Segment Open

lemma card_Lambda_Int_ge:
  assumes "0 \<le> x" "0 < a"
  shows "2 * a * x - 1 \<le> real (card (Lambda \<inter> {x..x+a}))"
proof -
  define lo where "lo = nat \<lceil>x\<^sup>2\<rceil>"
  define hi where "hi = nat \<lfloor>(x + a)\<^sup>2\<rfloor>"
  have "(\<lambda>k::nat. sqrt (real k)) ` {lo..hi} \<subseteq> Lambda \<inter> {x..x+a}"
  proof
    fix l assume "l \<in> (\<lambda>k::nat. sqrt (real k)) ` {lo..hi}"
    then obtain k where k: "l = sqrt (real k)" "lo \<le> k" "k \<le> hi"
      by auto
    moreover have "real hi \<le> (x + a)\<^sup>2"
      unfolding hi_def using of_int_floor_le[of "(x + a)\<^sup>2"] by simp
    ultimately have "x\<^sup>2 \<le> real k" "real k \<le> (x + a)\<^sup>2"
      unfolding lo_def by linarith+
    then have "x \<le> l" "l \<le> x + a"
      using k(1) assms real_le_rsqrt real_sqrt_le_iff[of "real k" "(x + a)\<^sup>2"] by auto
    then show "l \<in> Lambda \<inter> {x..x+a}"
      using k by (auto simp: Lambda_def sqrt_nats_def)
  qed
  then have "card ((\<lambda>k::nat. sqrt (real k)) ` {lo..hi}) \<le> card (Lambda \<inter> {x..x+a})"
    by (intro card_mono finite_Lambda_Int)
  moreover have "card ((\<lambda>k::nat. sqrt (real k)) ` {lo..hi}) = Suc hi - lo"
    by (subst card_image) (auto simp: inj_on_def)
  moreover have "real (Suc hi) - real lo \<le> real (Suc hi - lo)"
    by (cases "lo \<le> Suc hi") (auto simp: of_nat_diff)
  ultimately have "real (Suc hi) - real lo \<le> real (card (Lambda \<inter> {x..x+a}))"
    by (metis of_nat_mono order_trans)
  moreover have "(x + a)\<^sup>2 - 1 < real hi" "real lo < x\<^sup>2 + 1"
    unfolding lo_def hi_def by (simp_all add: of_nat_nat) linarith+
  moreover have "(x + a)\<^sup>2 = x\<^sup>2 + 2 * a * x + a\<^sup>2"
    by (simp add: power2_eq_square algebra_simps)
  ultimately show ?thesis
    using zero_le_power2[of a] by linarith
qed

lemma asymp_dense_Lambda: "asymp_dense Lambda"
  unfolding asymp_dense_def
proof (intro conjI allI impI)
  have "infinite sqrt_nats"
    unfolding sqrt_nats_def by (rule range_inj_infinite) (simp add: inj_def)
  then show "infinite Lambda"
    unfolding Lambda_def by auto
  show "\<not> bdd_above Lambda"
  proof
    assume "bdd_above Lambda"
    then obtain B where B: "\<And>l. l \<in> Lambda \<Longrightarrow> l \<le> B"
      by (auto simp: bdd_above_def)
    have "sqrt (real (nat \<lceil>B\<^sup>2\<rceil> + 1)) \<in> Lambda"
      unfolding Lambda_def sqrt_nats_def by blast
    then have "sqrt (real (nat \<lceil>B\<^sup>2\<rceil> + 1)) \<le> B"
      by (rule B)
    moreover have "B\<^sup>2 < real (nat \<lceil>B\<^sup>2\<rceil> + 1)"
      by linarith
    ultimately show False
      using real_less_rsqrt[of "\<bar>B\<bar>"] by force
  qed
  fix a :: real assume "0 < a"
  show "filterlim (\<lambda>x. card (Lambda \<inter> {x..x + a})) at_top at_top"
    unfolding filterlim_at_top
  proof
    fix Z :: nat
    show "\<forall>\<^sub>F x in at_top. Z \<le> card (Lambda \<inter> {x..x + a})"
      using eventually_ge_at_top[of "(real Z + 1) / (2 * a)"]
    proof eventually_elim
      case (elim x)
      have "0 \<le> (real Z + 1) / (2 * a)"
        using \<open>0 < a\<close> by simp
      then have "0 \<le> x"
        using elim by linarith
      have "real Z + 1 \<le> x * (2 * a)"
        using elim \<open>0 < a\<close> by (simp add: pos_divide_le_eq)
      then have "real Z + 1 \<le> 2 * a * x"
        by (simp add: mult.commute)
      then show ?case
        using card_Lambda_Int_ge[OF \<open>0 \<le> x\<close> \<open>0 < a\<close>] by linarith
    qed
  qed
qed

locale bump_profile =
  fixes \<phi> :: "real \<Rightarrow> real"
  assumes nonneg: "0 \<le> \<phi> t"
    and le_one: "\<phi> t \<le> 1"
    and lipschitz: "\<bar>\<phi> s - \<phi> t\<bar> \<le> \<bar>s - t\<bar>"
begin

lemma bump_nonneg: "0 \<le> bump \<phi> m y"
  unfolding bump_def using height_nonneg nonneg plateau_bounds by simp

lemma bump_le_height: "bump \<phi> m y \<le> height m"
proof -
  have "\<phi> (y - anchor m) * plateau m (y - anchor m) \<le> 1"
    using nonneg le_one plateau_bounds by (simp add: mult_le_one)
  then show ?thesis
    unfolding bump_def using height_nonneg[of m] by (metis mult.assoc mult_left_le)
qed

Segment Closed

§ **WHAT IS BEING ASKED**:
Nothing but an exact copy of the lines from the first one above through the line holding "fix l assume" should be returned.

§ **ANSWER TO THIS TASK**:
lemma card_Lambda_Int_ge:
  assumes "0 \<le> x" "0 < a"
  shows "2 * a * x - 1 \<le> real (card (Lambda \<inter> {x..x+a}))"
proof -
  define lo where "lo = nat \<lceil>x\<^sup>2\<rceil>"
  define hi where "hi = nat \<lfloor>(x + a)\<^sup>2\<rfloor>"
  have "(\<lambda>k::nat. sqrt (real k)) ` {lo..hi} \<subseteq> Lambda \<inter> {x..x+a}"
  proof
    fix l assume "l \<in> (\<lambda>k::nat. sqrt (real k)) ` {lo..hi}"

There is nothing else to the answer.